*** Block opens ***

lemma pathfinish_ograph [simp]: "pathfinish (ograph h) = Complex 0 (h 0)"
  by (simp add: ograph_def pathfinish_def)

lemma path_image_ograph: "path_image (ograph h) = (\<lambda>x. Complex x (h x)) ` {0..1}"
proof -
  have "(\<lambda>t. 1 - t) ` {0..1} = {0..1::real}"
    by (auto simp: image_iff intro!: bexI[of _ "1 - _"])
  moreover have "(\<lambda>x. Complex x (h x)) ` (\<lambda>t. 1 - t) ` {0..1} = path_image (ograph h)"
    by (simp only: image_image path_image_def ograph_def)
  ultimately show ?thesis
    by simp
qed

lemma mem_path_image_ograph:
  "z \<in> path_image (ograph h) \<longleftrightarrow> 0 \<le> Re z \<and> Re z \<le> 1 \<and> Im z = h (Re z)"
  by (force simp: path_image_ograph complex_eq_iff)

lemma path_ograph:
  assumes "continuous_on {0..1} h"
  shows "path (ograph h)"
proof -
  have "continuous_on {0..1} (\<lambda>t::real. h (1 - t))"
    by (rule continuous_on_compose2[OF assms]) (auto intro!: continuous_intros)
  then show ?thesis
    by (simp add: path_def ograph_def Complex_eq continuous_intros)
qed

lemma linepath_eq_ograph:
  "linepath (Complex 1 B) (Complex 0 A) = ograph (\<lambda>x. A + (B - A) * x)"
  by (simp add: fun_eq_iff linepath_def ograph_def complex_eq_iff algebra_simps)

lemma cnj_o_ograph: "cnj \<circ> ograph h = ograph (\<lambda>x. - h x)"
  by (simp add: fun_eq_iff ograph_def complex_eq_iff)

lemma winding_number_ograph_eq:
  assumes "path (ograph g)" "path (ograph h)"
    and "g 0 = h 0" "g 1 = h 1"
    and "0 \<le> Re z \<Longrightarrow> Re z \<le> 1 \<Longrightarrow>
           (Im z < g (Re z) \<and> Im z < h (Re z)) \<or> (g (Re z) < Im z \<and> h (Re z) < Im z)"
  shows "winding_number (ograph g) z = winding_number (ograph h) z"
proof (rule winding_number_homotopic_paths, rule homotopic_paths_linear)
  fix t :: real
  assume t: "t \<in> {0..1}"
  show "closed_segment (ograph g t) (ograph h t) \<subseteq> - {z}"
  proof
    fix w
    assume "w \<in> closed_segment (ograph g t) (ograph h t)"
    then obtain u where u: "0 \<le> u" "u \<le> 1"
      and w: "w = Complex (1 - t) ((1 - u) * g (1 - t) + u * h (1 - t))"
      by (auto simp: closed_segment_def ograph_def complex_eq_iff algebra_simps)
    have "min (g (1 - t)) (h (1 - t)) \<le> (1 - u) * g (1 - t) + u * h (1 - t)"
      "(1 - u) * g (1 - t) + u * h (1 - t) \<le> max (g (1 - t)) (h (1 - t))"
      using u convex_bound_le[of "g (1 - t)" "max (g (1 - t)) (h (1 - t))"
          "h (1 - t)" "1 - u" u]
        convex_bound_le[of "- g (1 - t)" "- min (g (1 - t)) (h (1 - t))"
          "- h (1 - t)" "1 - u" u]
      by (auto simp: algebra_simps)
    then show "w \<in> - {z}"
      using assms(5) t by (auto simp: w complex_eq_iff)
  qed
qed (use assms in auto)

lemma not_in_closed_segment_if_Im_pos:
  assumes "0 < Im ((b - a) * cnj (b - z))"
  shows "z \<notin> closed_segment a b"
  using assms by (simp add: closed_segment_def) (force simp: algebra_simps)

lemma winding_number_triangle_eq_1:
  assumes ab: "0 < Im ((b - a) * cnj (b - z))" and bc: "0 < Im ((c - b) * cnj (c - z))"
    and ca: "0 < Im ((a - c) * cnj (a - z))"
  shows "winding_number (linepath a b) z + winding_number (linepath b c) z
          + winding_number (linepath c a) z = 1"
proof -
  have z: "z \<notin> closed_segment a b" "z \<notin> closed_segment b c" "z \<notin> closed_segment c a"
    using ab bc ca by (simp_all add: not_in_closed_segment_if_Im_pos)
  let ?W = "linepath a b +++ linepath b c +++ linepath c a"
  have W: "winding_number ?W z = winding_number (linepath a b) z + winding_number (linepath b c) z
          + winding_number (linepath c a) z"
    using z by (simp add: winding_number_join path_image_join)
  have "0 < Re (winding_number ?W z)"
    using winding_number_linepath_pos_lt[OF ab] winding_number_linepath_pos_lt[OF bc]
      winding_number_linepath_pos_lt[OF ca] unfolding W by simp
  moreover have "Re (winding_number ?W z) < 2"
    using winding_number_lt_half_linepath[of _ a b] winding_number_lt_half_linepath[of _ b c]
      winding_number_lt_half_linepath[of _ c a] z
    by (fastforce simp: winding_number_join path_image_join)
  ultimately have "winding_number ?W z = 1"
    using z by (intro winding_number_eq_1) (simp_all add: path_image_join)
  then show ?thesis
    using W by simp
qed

*** Block closes ***

What is being asked: Find and copy every line in the entries above where the string "assms" occurs.

The completed task:
    by (rule continuous_on_compose2[OF assms]) (auto intro!: continuous_intros)
      using assms(5) t by (auto simp: w complex_eq_iff)
qed (use assms in auto)
  using assms by (simp add: closed_segment_def) (force simp: algebra_simps)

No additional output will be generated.